Of course, variations of the perimeter (often related to the perspective of the analysis or the issue addressed, as well as to the accuracy of the information on time use) have a significant impact on the “quantity” of nonmarket productive time measured and on the estimate of men’s and women’s contributions to this quantity or gender gaps in time use. Using the French Time Use survey from 2010 on the population aged 11 and older, Poissonnier and Roy (2013) compared three perimeters. Starting with a restrictive definition limited to core activities (cooking, washing, cleaning, active care of children and dependent adults and related travel time, household management), they obtained a daily average of 2 h 7 min; an intermediate definition, adding shopping, home repair, gardening, and playing with children—or “productive leisure”—results in almost one more hour (3 h 4 min), and an extensive definition, adding driving oneself and pet care, adds about 50 min more (3 h 53 min). In these daily averages, the share of women’s time decreases significantly when the perimeter is extended, with values of 72%, 64%, and 60%, respectively. Using the American Time Use survey from 2010 on the population aged from 25 to 64 years, Bianchi et al. (2012) obtained a similar pattern in the ratio of women’s to men’s time, which falls from 2.9 when the perimeter is restricted to “core” housework to 1.6 for total housework.

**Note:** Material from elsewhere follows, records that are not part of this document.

(* Let $h>0$ and $\mathbb{T}:=\{0,h,2h,3h,\ldots\}$. Let $p_0,p_1\in\mathbb{C}\setminus\{-\tfrac{1}{h}\}$ with $p_0\ne p_1$, and define $p:\mathbb{T}\to\mathbb{C}$ by $p(t)=p_0$ if $\tfrac{t}{h}\equiv 0 \pmod 2$ and $p(t)=p_1$ if $\tfrac{t}{h}\equiv 1\pmod 2$. Consider the equation $$\Delta_h x(t)-p(t)x(t)=0,\qquad t\in\mathbb{T},\qquad (\ast)$$ where $\Delta_h x(t):=\frac{x(t+h)-x(t)}{h}$. Assume $0<|1+hp_0||1+hp_1|\ne 1$. Let $\varepsilon>0$ be fixed and let $\phi:\mathbb{T}\to\mathbb{C}$ satisfy $|\Delta_h\phi(t)-p(t)\phi(t)|\le\varepsilon$ for all $t\in\mathbb{T}$. Let $e_p(t):=\prod_{j=0}^{t/h-1}(1+hp(jh))$ for $t\in\mathbb{T}$ (empty product $=1$, so $e_p(0)=1$). Then: (i) If $|1+hp_0||1+hp_1|>1$, then $\lim_{t\to\infty}\frac{\phi(t)}{e_p(t)}$ exists, and the function $x(t):=\left(\lim_{s\to\infty}\frac{\phi(s)}{e_p(s)}\right)e_p(t)$ is the unique solution of $(\ast)$ with $|\phi(t)-x(t)|\le K_1\varepsilon$ for all $t\in\mathbb{T}$, where $$K_1:=h\max\left\{\frac{1+|1+hp_0|}{-1+|1+hp_0||1+hp_1|},\ \frac{1+|1+hp_1|}{-1+|1+hp_0||1+hp_1|}\right\};$$ moreover $K_1$ is the minimum Ulam stability constant for $(\ast)$. (ii) If $0<|1+hp_0||1+hp_1|<1$, then any solution $x$ of $(\ast)$ with $|\phi(0)-x(0)|<\varepsilon h\,\frac{1+|1+hp_1|}{1-|1+hp_0||1+hp_1|}$ satisfies $$|\phi(t)-x(t)|<\varepsilon h\max\left\{\frac{1+|1+hp_0|}{1-|1+hp_0||1+hp_1|},\ \frac{1+|1+hp_1|}{1-|1+hp_0||1+hp_1|}\right\}$$ for all $t\in\mathbb{T}$.
   Context: A constant $K>0$ is an Ulam stability constant for $(\ast)$ on $\mathbb{T}$ if for every $\varepsilon>0$ and every $\phi:\mathbb{T}\to\mathbb{C}$ with $|\Delta_h\phi(t)-p(t)\phi(t)|\le\varepsilon$ for all $t\in\mathbb{T}$, there exists a solution $x:\mathbb{T}\to\mathbb{C}$ of $(\ast)$ with $|\phi(t)-x(t)|\le K\varepsilon$ for all $t\in\mathbb{T}$. The equation has Ulam stability if such a $K$ exists. "Minimum Ulam stability constant" means $K_1$ is an Ulam stability constant and no positive number smaller than $K_1$ is one. *)

theory Defs
  imports "HOL-Analysis.Analysis"
begin

text \<open>The time scale T = {0, h, 2h, ...} is parametrised by n :: nat, i.e. a function
  x : T -> C is represented as x :: nat => complex with x n standing for x(n h).\<close>

definition delta_h :: "real \<Rightarrow> (nat \<Rightarrow> complex) \<Rightarrow> nat \<Rightarrow> complex" where
  "delta_h h x n = (x (Suc n) - x n) / complex_of_real h"

definition pfun :: "complex \<Rightarrow> complex \<Rightarrow> nat \<Rightarrow> complex" where
  "pfun p0 p1 n = (if even n then p0 else p1)"

definition e_p :: "real \<Rightarrow> (nat \<Rightarrow> complex) \<Rightarrow> nat \<Rightarrow> complex" where
  "e_p h p n = (\<Prod>j<n. 1 + complex_of_real h * p j)"

definition is_solution :: "real \<Rightarrow> (nat \<Rightarrow> complex) \<Rightarrow> (nat \<Rightarrow> complex) \<Rightarrow> bool" where
  "is_solution h p x \<longleftrightarrow> (\<forall>n. delta_h h x n - p n * x n = 0)"

definition ulam_constant :: "real \<Rightarrow> (nat \<Rightarrow> complex) \<Rightarrow> real \<Rightarrow> bool" where
  "ulam_constant h p K \<longleftrightarrow> K > 0 \<and>
     (\<forall>\<epsilon>>0. \<forall>\<phi>. (\<forall>n. cmod (delta_h h \<phi> n - p n * \<phi> n) \<le> \<epsilon>) \<longrightarrow>
        (\<exists>x. is_solution h p x \<and> (\<forall>n. cmod (\<phi> n - x n) \<le> K * \<epsilon>)))"

definition min_ulam_constant :: "real \<Rightarrow> (nat \<Rightarrow> complex) \<Rightarrow> real \<Rightarrow> bool" where
  "min_ulam_constant h p K \<longleftrightarrow> ulam_constant h p K \<and>
     (\<forall>K'. 0 < K' \<and> K' < K \<longrightarrow> \<not> ulam_constant h p K')"

end

theory Submission
  imports Defs
begin

text \<open>On the time scale the equation is the recurrence x (n+1) = c n x n with c n = 1 + h p n,
  so its solutions are the multiples of e_p, and an \<epsilon>-approximate solution \<phi> satisfies
  |\<phi> (n+1) - c n \<phi> n| \<le> h \<epsilon>. If S \<ge> 0 satisfies S (n+1) + 1 \<le> |c n| S n, then
  h \<epsilon> S n / |e_p n| is a telescoping majorant for the increments of \<phi> / e_p; hence \<phi> / e_p
  converges to some L and |\<phi> n - L e_p n| \<le> h \<epsilon> S n. For 2-periodic p with
  |c 0| |c 1| > 1 the 2-periodic S with values (1 + |c 1|) / (|c 0| |c 1| - 1) and
  (1 + |c 0|) / (|c 0| |c 1| - 1) solves this recurrence with equality. Then
  h S n sgn (e_p n) has residual of norm exactly 1, and since every nonzero solution grows
  like (|c 0| |c 1|)^(n/2), the only solution within bounded distance of it is 0, which is at
  distance h S n; so h max S is the minimal Ulam constant. For |c 0| |c 1| < 1 the same S
  satisfies the reversed recurrence S (n+1) = |c n| S n + 1, which propagates a bound on the
  initial error forward.\<close>

lemma e_p_0 [simp]: "e_p h p 0 = 1"
  by (simp add: e_p_def)

lemma e_p_Suc: "e_p h p (Suc n) = e_p h p n * (1 + h * p n)"
  by (simp add: e_p_def)

lemma e_p_nonzero:
  fixes p :: "nat \<Rightarrow> complex"
  assumes "\<And>n. 1 + h * p n \<noteq> 0"
  shows "e_p h p n \<noteq> 0"
  using assms by (simp add: e_p_def)

lemma norm_residual:
  assumes "h > 0"
  shows "cmod (delta_h h x n - p n * x n) = cmod (x (Suc n) - (1 + h * p n) * x n) / h"
proof -
  have "delta_h h x n - p n * x n = (x (Suc n) - (1 + h * p n) * x n) / h"
    using assms by (simp add: delta_h_def field_simps)
  then show ?thesis
    using assms by (simp add: norm_divide)
qed

lemma norm_recurrence_residual_le:
  assumes "h > 0" "cmod (delta_h h x n - p n * x n) \<le> \<epsilon>"
  shows "cmod (x (Suc n) - (1 + h * p n) * x n) \<le> h * \<epsilon>"
  using assms by (simp add: norm_residual pos_divide_le_eq mult.commute)

lemma is_solution_iff_recurrence:
  assumes "h \<noteq> 0"
  shows "is_solution h p x \<longleftrightarrow> (\<forall>n. x (Suc n) = (1 + h * p n) * x n)"
  using assms by (simp add: is_solution_def delta_h_def field_simps)

lemma is_solution_eq_e_p:
  assumes "h \<noteq> 0" "is_solution h p x"
  shows "x n = x 0 * e_p h p n"
  using assms by (induction n) (simp_all add: is_solution_iff_recurrence e_p_Suc)

lemma is_solution_mult_e_p:
  assumes "h \<noteq> 0"
  shows "is_solution h p (\<lambda>n. L * e_p h p n)"
  using assms by (simp add: is_solution_iff_recurrence e_p_Suc)

lemma convergent_if_telescoping_majorant:
  fixes u :: "nat \<Rightarrow> 'a::banach" and R :: "nat \<Rightarrow> real"
  assumes R_nonneg: "\<And>n. 0 \<le> R n"
    and step: "\<And>n. norm (u (Suc n) - u n) \<le> R n - R (Suc n)"
  shows "\<exists>L. u \<longlonglongrightarrow> L \<and> (\<forall>n. norm (L - u n) \<le> R n)"
proof -
  have dist_le: "norm (u m - u n) \<le> R n - R m" if "n \<le> m" for m n
    using that
  proof (induction m rule: dec_induct)
    case base
    then show ?case by simp
  next
    case (step m)
    then show ?case
      using norm_diff_triangle_le[OF assms(2)[of m] step.IH] by simp
  qed
  have "R (Suc n) \<le> R n" for n
    using step[of n] norm_ge_zero[of "u (Suc n) - u n"] by linarith
  then have "decseq R"
    by (simp add: decseq_Suc_iff)
  then obtain l where "R \<longlonglongrightarrow> l"
    using decseq_convergent R_nonneg by metis
  then have "Cauchy R"
    by (rule LIMSEQ_imp_Cauchy)
  have "Cauchy u"
  proof (rule CauchyI)
    fix e :: real
    assume "e > 0"
    with \<open>Cauchy R\<close> obtain M where M: "\<forall>m\<ge>M. \<forall>n\<ge>M. \<bar>R m - R n\<bar> < e"
      by (metis CauchyD real_norm_def)
    have "norm (u m - u n) < e" if "m \<ge> M" "n \<ge> M" for m n
    proof -
      have "norm (u m - u n) \<le> \<bar>R m - R n\<bar>"
        using dist_le[of n m] dist_le[of m n] by (cases "n \<le> m") (auto simp: norm_minus_commute)
      with M that show ?thesis
        by force
    qed
    then show "\<exists>M. \<forall>m\<ge>M. \<forall>n\<ge>M. norm (u m - u n) < e"
      by blast
  qed
  then obtain L where L: "u \<longlonglongrightarrow> L"
    by (auto simp: Cauchy_convergent_iff convergent_def)
  have "norm (L - u n) \<le> R n" for n
  proof (rule LIMSEQ_le_const2)
    show "(\<lambda>m. norm (u m - u n)) \<longlonglongrightarrow> norm (L - u n)"
      by (intro tendsto_intros L)
    show "\<exists>N. \<forall>m\<ge>N. norm (u m - u n) \<le> R n"
    proof (intro exI allI impI)
      fix m
      assume "n \<le> m"
      with dist_le[of n m] R_nonneg[of m] show "norm (u m - u n) \<le> R n"
        by linarith
    qed
  qed
  with L show ?thesis
    by blast
qed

These differences reflect the fact that, on average, men and women do not do the same sorts of housework. In short, “women cook, clean and care while men build and repair” says the OECD (2011b, p. 22). Beyond averages, the time spent on housework and care by men and women varies with the composition of the household. Of course, the presence of children has an important effect on the total time spent on care, but it is not the only factor; in the United States, married men and married women spend more time on total housework than the average, and even more on core housework, and women spend more than men; the gender ratio (women’s time to men’s time) for this perimeter is 3.4 versus 2.9, on average (Bianchi et al., 2012). Parents naturally spend more time on childcare, and mothers spend more than fathers (the ratio is 1.9), but they also both spend more time on core housework than the average married men and women— again mothers spend more time than fathers, signaling that the presence of children tends to reinforce the unequal gender division of nonmarket work (Bianchi et al. 2012). The difference is also pronounced in the detailed activities related to childcare: 60% of mothers’ childcare time is devoted to physical care and supervision versus only 45% of fathers’ childcare time; conversely, 41% of fathers’ time is spent on educational and recreational childcare compared with 27% of the mothers’ time (Bianchi et al., 2012). In addition, men’s and women’s “specialization” within nonmarket work may be weighted differently because of the routine versus occasional nature of the core or other housework (Sayer, 2010) or because of a difference in the emotional content of the activities—a direction explored by Stevenson and Wolfers (2009). “Women’s” housework may also be more intensive than men’s if several activities can be carried out simultaneously (e.g., cooking and doing the dishes and looking after the children) or interrupt their leisure time (Bittman and Wajcman, 2000; Sayer et al., 2004). Such differences do not count in an accounting perspective but may count in the perspective of measuring and analyzing gender inequality—hence the interest of going beyond the simple measurement of quantities of time.
12.6.1.2.2 Valuation
Once the relevant activities have been defined and the time spent on them measured, the next step is to obtain a value of the time or product. There are two main approaches to this valuation. The “replacement cost” method consists of estimating the price the household would have paid to obtain the same service on the market (or the money saved if the service is produced at home instead of purchased on the market). The “opportunity-cost” method estimates the earnings the person (or the household) would have received if the time devoted to housework had instead been spent working in the market. As in the perimeter definition problem, there is no generally agreed best method, and either might appear more or less appropriate depending on its application.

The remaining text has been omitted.